I mumbled something and backed away, still shaking my head. I didn’t bother searching for Annie anymore. My overriding thought was: Leave. Get out of here, Emerson.

A guy reached for my arm, but I side-stepped him as I hurried toward the front door. I plunged out into the night and sucked a breath of bitter-cold air into my lungs, unaware until that moment that I had hardly been breathing since I stepped inside that house. Which totally mystified me.

I had wanted to check out this kink club ever since I heard of its existence. I figured it would be the perfect place where I could hook up with guys who didn’t mind dominant girls who called all the shots. Only it hadn’t been like that at all, and somehow I knew. Shaw was to blame.

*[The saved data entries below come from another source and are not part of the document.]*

lemma exact_order_cm_Pdown: "first_order_family Q \<Longrightarrow> exact_order (cm_Pdown Q s j) (- int j)"
proof (induction j)
  case 0
  then show ?case using exact_order_cm_one by simp
next
  case (Suc j)
  then have "exact_order (cm_mul (cm_inv (Q (s - int (Suc j)))) (cm_Pdown Q s j)) (- 1 + - int j)"
    by (intro exact_order_cm_mul) (auto simp: first_order_family_def dest: cm_inv_spec)
  then show ?case by simp
qed

lemma exact_order_cm_Pn: "first_order_family Q \<Longrightarrow> exact_order (cm_Pn Q s k) k"
  using exact_order_cm_Pup[of Q s "nat k"] exact_order_cm_Pdown[of Q s "nat (- k)"]
  by (cases "k \<ge> 0") (simp_all add: cm_Pn_def)

definition P_expansion :: "mdo \<Rightarrow> (int \<Rightarrow> mdo) \<Rightarrow> int \<Rightarrow> nat \<Rightarrow> (nat \<Rightarrow> coef) \<Rightarrow> bool" where
  "P_expansion X Q s n b \<longleftrightarrow> (\<forall>m. X m = (\<lambda>p. \<Sum>j\<in>{j::nat. int j \<le> int n - m}.
              cm_mul (cm_const (b j)) (cm_Pn Q s (int n - int j)) m p))"

lemma cm_b_altdef: "cm_b L P s n = (THE b. P_expansion (cm_pow (L s) n) P s n b)"
  unfolding cm_b_def P_expansion_def ..

lemma P_expansion_iff:
  assumes "first_order_family Q"
  shows "P_expansion X Q s n b \<longleftrightarrow>
      (\<forall>m p. X m p = (\<Sum>j\<in>{j::nat. int j \<le> int n - m}. b j p * cm_Pn Q s (int n - int j) m p))"
proof -
  have "cm_mul (cm_const (b j)) (cm_Pn Q s k) = (\<lambda>m p. b j p * cm_Pn Q s k m p)" for j k
    using exact_order_cm_Pn[OF assms, of s k, unfolded exact_order_def] smooth_mdo_def
    by (simp add: cm_mul_cm_const_left)
  then show ?thesis unfolding P_expansion_def by (auto simp: fun_eq_iff)
qed
lemma sigma_ideal_keys_closure:
  assumes endo: "ring_endo s" and I: "sigma_ideal (dsigma s) I"
  shows "sigma_ideal (dsigma s) {p. \<forall>m\<in>Poly_Mapping.keys p. mon m \<in> I}"
    (is "sigma_ideal _ ?J")
  unfolding sigma_ideal_def is_ideal_def
proof (intro conjI ballI allI)
  have ideal: "is_ideal I" and sigma: "\<And>a. a \<in> I \<Longrightarrow> dsigma s a \<in> I"
    using I unfolding sigma_ideal_def by blast+
  show "0 \<in> ?J" by simp
  show "a + b \<in> ?J" if "a \<in> ?J" "b \<in> ?J" for a b
    using that keys_add[of a b] by blast
  show "r * a \<in> ?J" if a: "a \<in> ?J" for a r
  proof (clarify)
    fix x assume "x \<in> Poly_Mapping.keys (r * a)"
    then obtain y z where "x = y + z" "z \<in> Poly_Mapping.keys a"
      using keys_mult by blast
    then show "mon x \<in> I" using a ideal_mult[OF ideal, of "mon z" "mon y"] by (simp add: mult_single)
  qed
  show "dsigma s a \<in> ?J" if a: "a \<in> ?J" for a
  proof (clarify)
    fix x assume "x \<in> Poly_Mapping.keys (dsigma s a)"
    then obtain y where y: "x = shift_mon y" "y \<in> Poly_Mapping.keys a"
      using subsetD[OF keys_dsigma_subset] by blast
    then have "dsigma s (mon y) \<in> I" using a sigma by blast
    then show "mon x \<in> I" by (simp add: y(1) dsigma_mon[OF endo])
  qed
qed

lemma monomial_sigma_ideal_is_ideal: "monomial_sigma_ideal s I \<Longrightarrow> is_ideal I"
  unfolding monomial_sigma_ideal_def sigma_ideal_def by blast

lemma monomial_sigma_ideal_keys_mem:
  fixes s :: "'k::comm_ring_1 \<Rightarrow> 'k"
  assumes endo: "ring_endo s" and I: "monomial_sigma_ideal s I"
    and p: "p \<in> I" "m \<in> Poly_Mapping.keys p"
  shows "mon m \<in> I"
proof -
  obtain M where M: "M \<subseteq> dmonomials" and I_gen: "I = sigma_ideal_gen (dsigma s) M"
    using I unfolding monomial_sigma_ideal_def by blast
  define J :: "((_ \<Rightarrow>\<^sub>0 nat) \<Rightarrow>\<^sub>0 'k) set"
    where "J = {p. \<forall>m\<in>Poly_Mapping.keys p. mon m \<in> I}"
  have "M \<subseteq> J"
  proof
    fix q assume q: "q \<in> M"
    then obtain m where "q = mon m" using M unfolding dmonomials_def by blast
    moreover have "q \<in> I" using q unfolding I_gen sigma_ideal_gen_def by blast
    ultimately show "q \<in> J" unfolding J_def by simp
  qed
  moreover have "sigma_ideal (dsigma s) J"
    unfolding J_def using sigma_ideal_keys_closure[OF endo] I
    unfolding monomial_sigma_ideal_def by blast
  ultimately have "I \<subseteq> J" unfolding I_gen sigma_ideal_gen_def by blast
  then show ?thesis using p unfolding J_def by blast
qed
definition qbinom :: "int \<Rightarrow> nat \<Rightarrow> qfield" where
  "qbinom n m = (\<Prod>i<m. qint (n - int i)) / qfact m"

text \<open>Free vector space on symbols (a_1,...,a_n) (lists of naturals): elements are
  functions from symbols to coefficients (finite support throughout below).
  The basis vector of a symbol a:\<close>
definition vsym :: "nat list \<Rightarrow> nat list \<Rightarrow> qfield" where
  "vsym a = (\<lambda>b. if b = a then 1 else 0)"

text \<open>a(j) at position i (0-based: positions i, i+1).\<close>
definition shift :: "nat list \<Rightarrow> nat \<Rightarrow> nat \<Rightarrow> nat list" where
  "shift a i j = a[i := a ! i - j, Suc i := a ! Suc i + j]"

definition relvec :: "nat \<Rightarrow> nat list \<Rightarrow> nat \<Rightarrow> nat list \<Rightarrow> qfield" where
  "relvec r a i = (\<lambda>b. \<Sum>j\<le>r. (-1) ^ j * qbinom (int r) j * vsym (shift a i j) b)"

inductive_set relspan :: "nat \<Rightarrow> nat \<Rightarrow> (nat list \<Rightarrow> qfield) set" for r n where
  zero: "(\<lambda>b. 0) \<in> relspan r n"
| rel: "\<lbrakk>length a = n; Suc i < n; r \<le> a ! i\<rbrakk> \<Longrightarrow> relvec r a i \<in> relspan r n"
| add: "\<lbrakk>v \<in> relspan r n; w \<in> relspan r n\<rbrakk> \<Longrightarrow> (\<lambda>b. v b + w b) \<in> relspan r n"
| smult: "v \<in> relspan r n \<Longrightarrow> (\<lambda>b. c * v b) \<in> relspan r n"
(* Let $\xi_m>0$ and $0<\mu\le\xi_m$, and define for $\tau>0$ $$f(\mu,\tau)=2\tau\ln\frac{\cosh(\xi_m/2\tau)}{\cosh(\mu/2\tau)}+\mu\int_0^{\mu}\tanh\Big(\frac{\xi}{2\tau}\Big)\frac{d\xi}{\xi}.$$ Then $\partial f/\partial\tau<0$, $\partial f/\partial\mu>0$, $\lim_{\tau\to0^+}f(\mu,\tau)=\infty$ and $\lim_{\tau\to\infty}f(\mu,\tau)=0$. Consequently, for every $\lambda>0$ the equation $\xi_m/\lambda=f(\mu,\tau)$ has a unique positive solution $\tau=T_c(\mu,\lambda)$. *)

theory Defs
  imports "HOL-Analysis.Analysis"
begin

text \<open>The integral is the Henstock-Kurzweil integral over [0, mu]; the integrand
  tanh(xi/(2 tau))/xi is bounded and continuous on (0, mu] (its value at the
  single point 0 is irrelevant).\<close>
definition gapf :: "real \<Rightarrow> real \<Rightarrow> real \<Rightarrow> real" where
  "gapf xim \<mu> \<tau> =
     2 * \<tau> * ln (cosh (xim / (2 * \<tau>)) / cosh (\<mu> / (2 * \<tau>)))
     + \<mu> * integral {0..\<mu>} (\<lambda>\<xi>. tanh (\<xi> / (2 * \<tau>)) / \<xi>)"

end

theory Submission
  imports Defs "HOL-Real_Asymp.Real_Asymp"
begin

text \<open>Substituting \<open>\<xi> = 2\<tau>u\<close> turns the integral into \<open>Ti(\<mu>/2\<tau>)\<close> with
  \<open>Ti x = \<integral>\<^sub>0\<^sup>x tanh u / u du\<close> (\<open>tanh_integral\<close>), so that with \<open>a = \<xi>\<^sub>m/2\<tau>\<close> and \<open>b = \<mu>/2\<tau>\<close>
  \<open>f = 2\<tau>(ln cosh a - ln cosh b) + \<mu> Ti(b)\<close>.
  Differentiating, \<open>\<partial>f/\<partial>\<mu> = Ti(b) > 0\<close> and
  \<open>\<partial>f/\<partial>\<tau> = 2(ln cosh a - a tanh a) - 2 ln cosh b < 0\<close>, because
  \<open>x \<mapsto> ln cosh x - x tanh x\<close> decreases from its value 0 at 0.
  As \<open>\<tau> \<rightarrow> 0\<close>, \<open>f \<ge> \<mu> Ti(b) \<ge> \<mu> tanh 1 ln b \<rightarrow> \<infinity>\<close>; as \<open>\<tau> \<rightarrow> \<infinity>\<close>,
  \<open>0 \<le> f \<le> (\<xi>\<^sub>m\<^sup>2 + \<mu>\<^sup>2)/2\<tau>\<close> by \<open>ln cosh a \<le> a\<^sup>2\<close> and \<open>Ti(b) \<le> b\<close>.
  A continuous strictly decreasing function running from \<open>\<infinity>\<close> down to 0 takes
  every positive value exactly once.\<close>

lemma tanh_real_le_self:
  fixes x :: real
  assumes "0 \<le> x"
  shows "tanh x \<le> x"
proof -
  have "0 - tanh 0 \<le> x - tanh x"
  proof (rule DERIV_nonneg_imp_nondecreasing[OF assms])
    fix y :: real
    have "((\<lambda>x. x - tanh x) has_real_derivative tanh y ^ 2) (at y)"
      by (auto intro!: derivative_eq_intros)
    then show "\<exists>d. ((\<lambda>x. x - tanh x) has_real_derivative d) (at y) \<and> 0 \<le> d"
      by auto
  qed
  then show ?thesis by simp
qed

lemma ln_cosh_less_mult_tanh:
  fixes x :: real
  assumes "0 < x"
  shows "ln (cosh x) < x * tanh x"
proof -
  let ?g = "\<lambda>x::real. ln (cosh x) - x * tanh x"
  have "?g x < ?g 0"
  proof (rule DERIV_neg_imp_decreasing_open[OF assms])
    fix y :: real
    assume y: "0 < y" "y < x"
    have "(?g has_real_derivative - y * (1 - tanh y ^ 2)) (at y)"
      by (auto intro!: derivative_eq_intros simp: tanh_def field_simps power2_eq_square)
    moreover have "tanh y ^ 2 < 1"
      using tanh_real_lt_1[of y] y by (simp add: abs_square_less_1)
    ultimately show "\<exists>d. (?g has_real_derivative d) (at y) \<and> d < 0"
      using y by (intro exI conjI) auto
  qed (intro continuous_intros, auto)
  then show ?thesis by simp
qed

lemma ln_cosh_pos:
  fixes x :: real
  assumes "0 < x"
  shows "0 < ln (cosh x)"
  using cosh_real_nonneg_less_iff[of 0 x] assms by simp

lemma ln_cosh_le_square:
  fixes x :: real
  assumes "0 \<le> x"
  shows "ln (cosh x) \<le> x\<^sup>2"
proof (cases "x = 0")
  case False
  then have "ln (cosh x) < x * tanh x"
    using assms by (intro ln_cosh_less_mult_tanh) auto
  also have "\<dots> \<le> x * x"
    using tanh_real_le_self[OF assms] assms by (rule mult_left_mono)
  finally show ?thesis by (simp add: power2_eq_square)
qed simp

definition tanhc :: "real \<Rightarrow> real" where
  "tanhc u = (if u = 0 then 1 else tanh u / u)"

text \<open>The base point \<open>-1\<close> puts 0 in the interior of the domain of
  integration, so that the derivative below is two-sided at 0.\<close>
definition tanh_integral :: "real \<Rightarrow> real" where
  "tanh_integral x = integral {-1..x} tanhc - integral {-1..0} tanhc"

lemma isCont_tanhc: "isCont tanhc x"
proof (cases "x = 0")
  case True
  have "((\<lambda>u. tanh u) has_real_derivative 1) (at 0)"
    by (auto intro!: derivative_eq_intros)
  then have "((\<lambda>u::real. tanh u / u) \<longlongrightarrow> 1) (at 0)"
    using DERIV_def[THEN iffD1] by fastforce
  moreover have "eventually (\<lambda>u. tanh u / u = tanhc u) (at 0)"
    by (simp add: eventually_at_filter tanhc_def)
  ultimately have "(tanhc \<longlongrightarrow> 1) (at 0)"
    by (rule tendsto_cong[THEN iffD1, rotated])
  then show ?thesis
    using True by (simp add: isCont_def tanhc_def)
next
  case False
  have "eventually (\<lambda>u. u \<in> - {0}) (nhds x)"
    using False by (intro eventually_nhds_in_open) auto
  then have "eventually (\<lambda>u. tanhc u = tanh u / u) (nhds x)"
    by eventually_elim (simp add: tanhc_def)
  moreover have "isCont (\<lambda>u. tanh u / u) x"
    using False by (intro continuous_intros) auto
  ultimately show ?thesis
    by (simp add: isCont_cong)
qed

lemma tanhc_pos: "0 < tanhc u"
  by (cases "u = 0") (auto simp: tanhc_def zero_less_divide_iff not_less_iff_gr_or_eq)

lemma tanhc_le_1: "0 \<le> u \<Longrightarrow> tanhc u \<le> 1"
  using tanh_real_le_self[of u] by (auto simp: tanhc_def)

lemma tanh_integral_0 [simp]: "tanh_integral 0 = 0"
  by (simp add: tanh_integral_def)

lemma has_real_derivative_tanh_integral:
  assumes "-1 < x"
  shows "(tanh_integral has_real_derivative tanhc x) (at x)"
proof -
  have "continuous_on {-1..x+1} tanhc"
    by (intro continuous_at_imp_continuous_on ballI isCont_tanhc)
  then have "((\<lambda>y. integral {-1..y} tanhc) has_real_derivative tanhc x) (at x within {-1..x+1})"
    using assms by (intro integral_has_real_derivative) auto
  moreover have "at x within {-1..x+1} = at x"
    using assms by (intro at_within_interior) auto
  ultimately show ?thesis
    unfolding tanh_integral_def[abs_def] by (auto intro!: derivative_eq_intros)
qed

lemma has_real_derivative_tanh_integral_compose [derivative_intros]:
  assumes "(f has_real_derivative f') (at x within S)" "-1 < f x"
  shows "((\<lambda>y. tanh_integral (f y)) has_real_derivative tanhc (f x) * f') (at x within S)"
  using DERIV_chain2[OF has_real_derivative_tanh_integral[OF assms(2)] assms(1)] .

lemma tanh_integral_pos:
  assumes "0 < x"
  shows "0 < tanh_integral x"
proof -
  have "tanh_integral 0 < tanh_integral x"
    by (rule DERIV_pos_imp_increasing[OF assms])
      (use has_real_derivative_tanh_integral tanhc_pos in force)
  then show ?thesis by simp
qed

lemma tanh_integral_le_self:
  assumes "0 \<le> x"
  shows "tanh_integral x \<le> x"
proof -
  have "0 - tanh_integral 0 \<le> x - tanh_integral x"
  proof (rule DERIV_nonneg_imp_nondecreasing[OF assms])
    fix y :: real
    assume y: "0 \<le> y" "y \<le> x"
    then have "((\<lambda>y. y - tanh_integral y) has_real_derivative 1 - tanhc y) (at y)"
      by (intro DERIV_diff DERIV_ident has_real_derivative_tanh_integral) auto
    then show "\<exists>d. ((\<lambda>y. y - tanh_integral y) has_real_derivative d) (at y) \<and> 0 \<le> d"
      using tanhc_le_1[of y] y by auto
  qed
  then show ?thesis by simp
qed

lemma tanh_integral_ge_ln:
  assumes "1 \<le> x"
  shows "tanh 1 * ln x \<le> tanh_integral x"
proof -
  let ?g = "\<lambda>y. tanh_integral y - tanh 1 * ln y"
  have "?g 1 \<le> ?g x"
  proof (rule DERIV_nonneg_imp_nondecreasing[OF assms])
    fix y :: real
    assume y: "1 \<le> y" "y \<le> x"
    then have "(?g has_real_derivative tanhc y - tanh 1 * (1 / y)) (at y)"
      by (intro DERIV_diff DERIV_cmult has_real_derivative_tanh_integral DERIV_ln_divide) auto
    moreover have "tanh 1 * (1 / y) \<le> tanhc y"
      using y by (auto simp: tanhc_def divide_right_mono)
    ultimately show "\<exists>d. (?g has_real_derivative d) (at y) \<and> 0 \<le> d"
      by auto
  qed
  then show ?thesis
    using tanh_integral_pos[of 1] by simp
qed

lemma integral_tanh_scaled:
  assumes "0 < \<tau>" "0 \<le> m"
  shows "integral {0..m} (\<lambda>\<xi>. tanh (\<xi> / (2 * \<tau>)) / \<xi>) = tanh_integral (m / (2 * \<tau>))"
proof -
  have "((\<lambda>\<xi>. tanh_integral (\<xi> / (2 * \<tau>))) has_vector_derivative tanhc (\<xi> / (2 * \<tau>)) / (2 * \<tau>))
          (at \<xi> within {0..m})" if "\<xi> \<in> {0..m}" for \<xi>
  proof -
    have "((\<lambda>\<xi>. tanh_integral (\<xi> / (2 * \<tau>))) has_real_derivative tanhc (\<xi> / (2 * \<tau>)) / (2 * \<tau>)) (at \<xi>)"
      using that assms by (auto intro!: derivative_eq_intros intro: less_le_trans[of "-1" 0])
    then show ?thesis
      by (simp add: has_real_derivative_iff_has_vector_derivative[symmetric] has_field_derivative_at_within)
  qed
  then have "((\<lambda>\<xi>. tanhc (\<xi> / (2 * \<tau>)) / (2 * \<tau>)) has_integral tanh_integral (m / (2 * \<tau>))) {0..m}"
    using fundamental_theorem_of_calculus[OF assms(2)] by fastforce
  then have "((\<lambda>\<xi>. tanh (\<xi> / (2 * \<tau>)) / \<xi>) has_integral tanh_integral (m / (2 * \<tau>))) {0..m}"
    by (rule has_integral_spike_finite[of "{0}", rotated 2]) (use assms in \<open>auto simp: tanhc_def\<close>)
  then show ?thesis
    by (rule integral_unique)
qed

He had ruined me. I couldn’t even think about being with another guy. He filled my head. I wrapped my fingers around the porch post and stared out at the silent street, my fingers digging into the rough, cold wood. I needed to get him out of my system. And to do that . . . maybe I should just get my fill of him, satisfy my curiosity, my urges. Then I could walk away from him for good.

I took several more bracing breaths and released the post. Stepping down, I let that idea take root, testing it out, trying to decide if it was as crazy as it sounded.

I heard him before I saw him. Like the mere idea of him had conjured him up here.

Footsteps thudded against the sidewalk. His large shape appeared, skidding to a stop at the end of the walkway, his chest lifting with breaths.

“Shaw . . . what are you doing here?”

Crazy, stupid delight coursed through me. I drank in the sight of him, standing tall before me, legs braced apart like nothing could take him down. The guy was built like a tank, and my belly fluttered, the very core of me reacting to him in the most fundamental way. A week without a glimpse of him and my heart reacted, pounding with longing. Such a treacherous thing. The heart really does have a mind of its own.

“I got a text from Reece.”

Anger flared to life inside me. I approached him with hard steps, delight at seeing him withering away. “Why did Reece text you?”

“Logan told him you were here.” His gaze flicked to the house. “He was worried about you.”

Damn Logan. My life was none of his business. “And you raced over here? For what? To rescue me? I told you I didn’t need rescuing.”

His gaze slid from the house back to me again. I had no doubt that he knew what this place was. Reece hadn’t left that tidbit out when he called him. And why had Reece called him anyway? Did he think Shaw and I were involved? Because that would be incorrect on his part.

“What are you doing here, Emerson?”

I compressed my lips, not about to tell him that I had been wondering the same thing. “I don’t need Logan or Reece or you looking out for me like I can’t take care of myself.” This was the part where I could tell him that I had made a mistake and had decided to leave, that the kink club wasn’t for me—that I was in fact leaving when he showed up, but I refused to give him that satisfaction.

“C’mon.” He reached for my hand, but I yanked my arm back before he could claim it.